EXERCISE: Work out how many lines in the data below contain the string "finally", and reply with that figure alone.

[Collected data entries]
(* Let $(A,+,\circ)$ be a finite left brace with cyclic additive group, let $g$ be an element of a transitive cycle base of $A$, and let $(A,\bullet)$ be the cycle set given by $a\bullet b:=\lambda_a(g)^{-}\circ b$. Let $H$ be the subgroup of $(A,\circ)$ such that $\mathrm{Ret}(A,\bullet)=A/H$ (namely $H=\{h\in A\mid\lambda_h(g)=g\}$). Then $H=\mathrm{Soc}(A)$.
   Context: A left brace is a set $A$ with two operations such that $(A,+)$ is an abelian group, $(A,\circ)$ is a group, and $a\circ(b+c)=a\circ b-a+a\circ c$. $\lambda_a(b):=-a+a\circ b$; $a\mapsto\lambda_a$ is a homomorphism $(A,\circ)\to\mathrm{Aut}(A,+)$. $a^{-}$ is the inverse of $a$ in $(A,\circ)$. $\mathrm{Soc}(A):=\{a\mid\lambda_a=\mathrm{id}_A\}$. A transitive cycle base is a single $\lambda$-orbit generating $(A,+)$. For a cycle set (left multiplications $\sigma_x$ bijective, $(x\cdot y)\cdot(x\cdot z)=(y\cdot x)\cdot(y\cdot z)$), $\mathrm{Ret}(X)$ is the quotient by $x\sim y\iff\sigma_x=\sigma_y$; for $(A,\bullet)$ its classes are the left cosets $a\circ H$. *)

theory Defs
  imports "HOL-Algebra.Algebra"
begin

definition left_brace :: "'a monoid \<Rightarrow> 'a monoid \<Rightarrow> bool" where
  "left_brace P M \<longleftrightarrow> comm_group P \<and> group M \<and> carrier P = carrier M \<and>
     (\<forall>a\<in>carrier M. \<forall>b\<in>carrier P. \<forall>c\<in>carrier P.
        a \<otimes>\<^bsub>M\<^esub> (b \<otimes>\<^bsub>P\<^esub> c) =
        ((a \<otimes>\<^bsub>M\<^esub> b) \<otimes>\<^bsub>P\<^esub> inv\<^bsub>P\<^esub> a) \<otimes>\<^bsub>P\<^esub> (a \<otimes>\<^bsub>M\<^esub> c))"

definition brace_lambda :: "'a monoid \<Rightarrow> 'a monoid \<Rightarrow> 'a \<Rightarrow> 'a \<Rightarrow> 'a" where
  "brace_lambda P M a b = inv\<^bsub>P\<^esub> a \<otimes>\<^bsub>P\<^esub> (a \<otimes>\<^bsub>M\<^esub> b)"

definition brace_socle :: "'a monoid \<Rightarrow> 'a monoid \<Rightarrow> 'a set" where
  "brace_socle P M = {a \<in> carrier M. \<forall>b\<in>carrier P. brace_lambda P M a b = b}"

definition transitive_cycle_base :: "'a monoid \<Rightarrow> 'a monoid \<Rightarrow> 'a set \<Rightarrow> bool" where
  "transitive_cycle_base P M B \<longleftrightarrow>
     (\<exists>y\<in>carrier P. B = (\<lambda>a. brace_lambda P M a y) ` carrier M) \<and>
     generate P B = carrier P"

end

theory Submission
  imports Defs
begin

text \<open>Every endomorphism of a cyclic group is a power map \<open>x \<mapsto> x\<^sup>m\<close>, so it commutes
  with every other endomorphism. If \<open>\<lambda>\<^sub>h(g) = g\<close>, then \<open>\<lambda>\<^sub>h\<close> also fixes
  \<open>\<lambda>\<^sub>a(g) = \<lambda>\<^sub>a(\<lambda>\<^sub>h(g)) = \<lambda>\<^sub>h(\<lambda>\<^sub>a(g))\<close> for every \<open>a\<close>, i.e. the whole \<open>\<lambda>\<close>-orbit of
  \<open>g\<close>. As \<open>a \<mapsto> \<lambda>\<^sub>a\<close> is a homomorphism, this orbit is the transitive cycle base
  containing \<open>g\<close>, which generates \<open>(A,+)\<close>; hence \<open>\<lambda>\<^sub>h = id\<close>.\<close>

lemma (in group) hom_eq_on_generate:
  assumes "group H" "f \<in> hom G H" "h \<in> hom G H" "S \<subseteq> carrier G"
    and "\<And>x. x \<in> S \<Longrightarrow> f x = h x" "x \<in> generate G S"
  shows "f x = h x"
proof -
  interpret f: group_hom G H f using assms by (simp add: group_hom_def group_hom_axioms_def)
  interpret h: group_hom G H h using assms by (simp add: group_hom_def group_hom_axioms_def)
  from assms(6) show ?thesis
  proof (induction rule: generate.induct)
    case (eng x y)
    then show ?case using generate_in_carrier[OF assms(4)] by simp
  qed (use assms(4,5) in auto)
qed

lemma (in group) cyclic_group_endomorphism_is_power:
  assumes "cyclic_group G" "f \<in> hom G G"
  obtains m :: int where "\<And>x. x \<in> carrier G \<Longrightarrow> f x = x [^] m"
proof -
  obtain c where c: "c \<in> carrier G" "carrier G = range (\<lambda>n::int. c [^] n)"
    using assms(1) cyclic_group by blast
  then obtain m :: int where m: "f c = c [^] m"
    using hom_in_carrier[OF assms(2)] by blast
  have "f x = x [^] m" if "x \<in> carrier G" for x
  proof -
    obtain k :: int where k: "x = c [^] k" using c(2) \<open>x \<in> carrier G\<close> by blast
    have "f x = (c [^] m) [^] k"
      unfolding k m[symmetric] by (rule hom_int_pow[OF assms(2) c(1) is_group is_group])
    also have "\<dots> = x [^] m"
      unfolding k using c(1) by (simp add: int_pow_pow mult.commute)
    finally show ?thesis .
  qed
  then show ?thesis by (rule that)
qed

lemma (in group) cyclic_group_endomorphisms_commute:
  assumes "cyclic_group G" "f \<in> hom G G" "h \<in> hom G G" "x \<in> carrier G"
  shows "f (h x) = h (f x)"
proof -
  obtain m :: int where m: "\<And>y. y \<in> carrier G \<Longrightarrow> h y = y [^] m"
    using cyclic_group_endomorphism_is_power[OF assms(1,3)] by blast
  have "f (h x) = f x [^] m"
    using m assms(4) hom_int_pow[OF assms(2) assms(4) is_group is_group] by simp
  also have "\<dots> = h (f x)"
    using m hom_in_carrier[OF assms(2,4)] by simp
  finally show ?thesis .
qed

locale brace =
  fixes P M :: "'a monoid"
  assumes left_brace: "left_brace P M"
begin

sublocale P: comm_group P
  using left_brace by (simp add: left_brace_def)

sublocale M: group M
  using left_brace by (simp add: left_brace_def)

lemma carrier_M [simp]: "carrier M = carrier P"
  using left_brace by (simp add: left_brace_def)

lemma M_mult_closed [simp]: "\<lbrakk>a \<in> carrier P; b \<in> carrier P\<rbrakk> \<Longrightarrow> a \<otimes>\<^bsub>M\<^esub> b \<in> carrier P"
  using M.m_closed by simp

lemma M_inv_closed [simp]: "a \<in> carrier P \<Longrightarrow> inv\<^bsub>M\<^esub> a \<in> carrier P"
  using M.inv_closed by simp

lemma brace_distrib:
  "\<lbrakk>a \<in> carrier P; b \<in> carrier P; c \<in> carrier P\<rbrakk> \<Longrightarrow>
    a \<otimes>\<^bsub>M\<^esub> (b \<otimes>\<^bsub>P\<^esub> c) = ((a \<otimes>\<^bsub>M\<^esub> b) \<otimes>\<^bsub>P\<^esub> inv\<^bsub>P\<^esub> a) \<otimes>\<^bsub>P\<^esub> (a \<otimes>\<^bsub>M\<^esub> c)"
  using left_brace by (simp add: left_brace_def)

lemma lambda_hom: "a \<in> carrier M \<Longrightarrow> brace_lambda P M a \<in> hom P P"
  by (rule homI) (simp_all add: brace_lambda_def brace_distrib P.m_assoc)

lemma lambda_mult:
  assumes "a \<in> carrier M" "b \<in> carrier M" "c \<in> carrier P"
  shows "brace_lambda P M a (brace_lambda P M b c) = brace_lambda P M (a \<otimes>\<^bsub>M\<^esub> b) c"
proof -
  interpret lambda_a: group_hom P P "brace_lambda P M a"
    using lambda_hom[OF assms(1)] by (simp add: group_hom_def group_hom_axioms_def P.is_group)
  have "brace_lambda P M a (brace_lambda P M b c)
      = inv\<^bsub>P\<^esub> brace_lambda P M a b \<otimes>\<^bsub>P\<^esub> brace_lambda P M a (b \<otimes>\<^bsub>M\<^esub> c)"
    using assms by (simp add: brace_lambda_def[of P M b])
  also have "\<dots> = inv\<^bsub>P\<^esub> (a \<otimes>\<^bsub>M\<^esub> b) \<otimes>\<^bsub>P\<^esub> (a \<otimes>\<^bsub>M\<^esub> (b \<otimes>\<^bsub>M\<^esub> c))"
    using assms by (simp add: brace_lambda_def P.inv_mult P.m_ac)
      (simp add: P.m_assoc[symmetric])
  also have "\<dots> = brace_lambda P M (a \<otimes>\<^bsub>M\<^esub> b) c"
    using assms by (simp add: brace_lambda_def M.m_assoc)
  finally show ?thesis .
qed

lemma lambda_orbit_subset:
  assumes "y \<in> carrier P" "g \<in> (\<lambda>a. brace_lambda P M a y) ` carrier M"
  shows "(\<lambda>a. brace_lambda P M a y) ` carrier M \<subseteq> (\<lambda>a. brace_lambda P M a g) ` carrier M"
proof
  fix b assume "b \<in> (\<lambda>a. brace_lambda P M a y) ` carrier M"
  then obtain a where a: "a \<in> carrier M" "b = brace_lambda P M a y" by blast
  obtain a0 where a0: "a0 \<in> carrier M" "g = brace_lambda P M a0 y" using assms(2) by blast
  have "brace_lambda P M (a \<otimes>\<^bsub>M\<^esub> inv\<^bsub>M\<^esub> a0) g
      = brace_lambda P M (a \<otimes>\<^bsub>M\<^esub> inv\<^bsub>M\<^esub> a0 \<otimes>\<^bsub>M\<^esub> a0) y"
    using a(1) a0 assms(1) by (simp add: lambda_mult)
  also have "\<dots> = b"
    using a a0(1) by (simp add: M.m_assoc)
  finally have "b = brace_lambda P M (a \<otimes>\<^bsub>M\<^esub> inv\<^bsub>M\<^esub> a0) g" ..
  then show "b \<in> (\<lambda>a. brace_lambda P M a g) ` carrier M"
    using a(1) a0(1) by blast
qed

lemma transitive_cycle_base_subset:
  assumes "transitive_cycle_base P M B"
  shows "B \<subseteq> carrier P"
proof -
  obtain y where "y \<in> carrier P" "B = (\<lambda>a. brace_lambda P M a y) ` carrier M"
    using assms unfolding transitive_cycle_base_def by blast
  then show ?thesis
    using hom_in_carrier[OF lambda_hom] by blast
qed

lemma stabilizer_of_cycle_base_element_in_socle:
  assumes "cyclic_group P" "transitive_cycle_base P M B" "g \<in> B"
    and "h \<in> carrier M" "brace_lambda P M h g = g"
  shows "h \<in> brace_socle P M"
proof -
  obtain y where y: "y \<in> carrier P" "B = (\<lambda>a. brace_lambda P M a y) ` carrier M"
    and gen: "generate P B = carrier P"
    using assms(2) unfolding transitive_cycle_base_def by blast
  have B_carrier: "B \<subseteq> carrier P"
    using transitive_cycle_base_subset[OF assms(2)] .
  have fixes_B: "brace_lambda P M h b = id b" if "b \<in> B" for b
  proof -
    have "b \<in> (\<lambda>a. brace_lambda P M a g) ` carrier M"
      using lambda_orbit_subset[OF y(1) assms(3)[unfolded y(2)]] that[unfolded y(2)] ..
    then obtain a where a: "a \<in> carrier M" "b = brace_lambda P M a g" by blast
    have "brace_lambda P M h (brace_lambda P M a g) = brace_lambda P M a (brace_lambda P M h g)"
      using assms(3) B_carrier
      by (intro P.cyclic_group_endomorphisms_commute[OF assms(1) lambda_hom lambda_hom])
        (use assms(4) a(1) in auto)
    then show ?thesis
      using assms(5) a(2) by simp
  qed
  have "brace_lambda P M h x = id x" if "x \<in> carrier P" for x
    by (rule P.hom_eq_on_generate[OF P.is_group lambda_hom[OF assms(4)]
          iso_imp_homomorphism[OF id_iso] B_carrier fixes_B])
      (use that gen in simp_all)
  then show ?thesis
    using assms(4) by (simp add: brace_socle_def)
qed

end

theorem mainTheorem3:
  fixes P M :: "'a monoid" and B :: "'a set" and g :: 'a
  assumes "left_brace P M"
    and "finite (carrier P)"
    and "cyclic_group P"
    and "transitive_cycle_base P M B"
    and "g \<in> B"
  shows "{h \<in> carrier M. brace_lambda P M h g = g} = brace_socle P M"
proof -
  interpret brace P M
    using assms(1) by (rule brace.intro)
  have "g \<in> carrier P"
    using transitive_cycle_base_subset[OF assms(4)] assms(5) by blast
  then show ?thesis
    using stabilizer_of_cycle_base_element_in_socle[OF assms(3,4,5)]
    by (auto simp: brace_socle_def)
qed

end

TASK SOLUTION: 4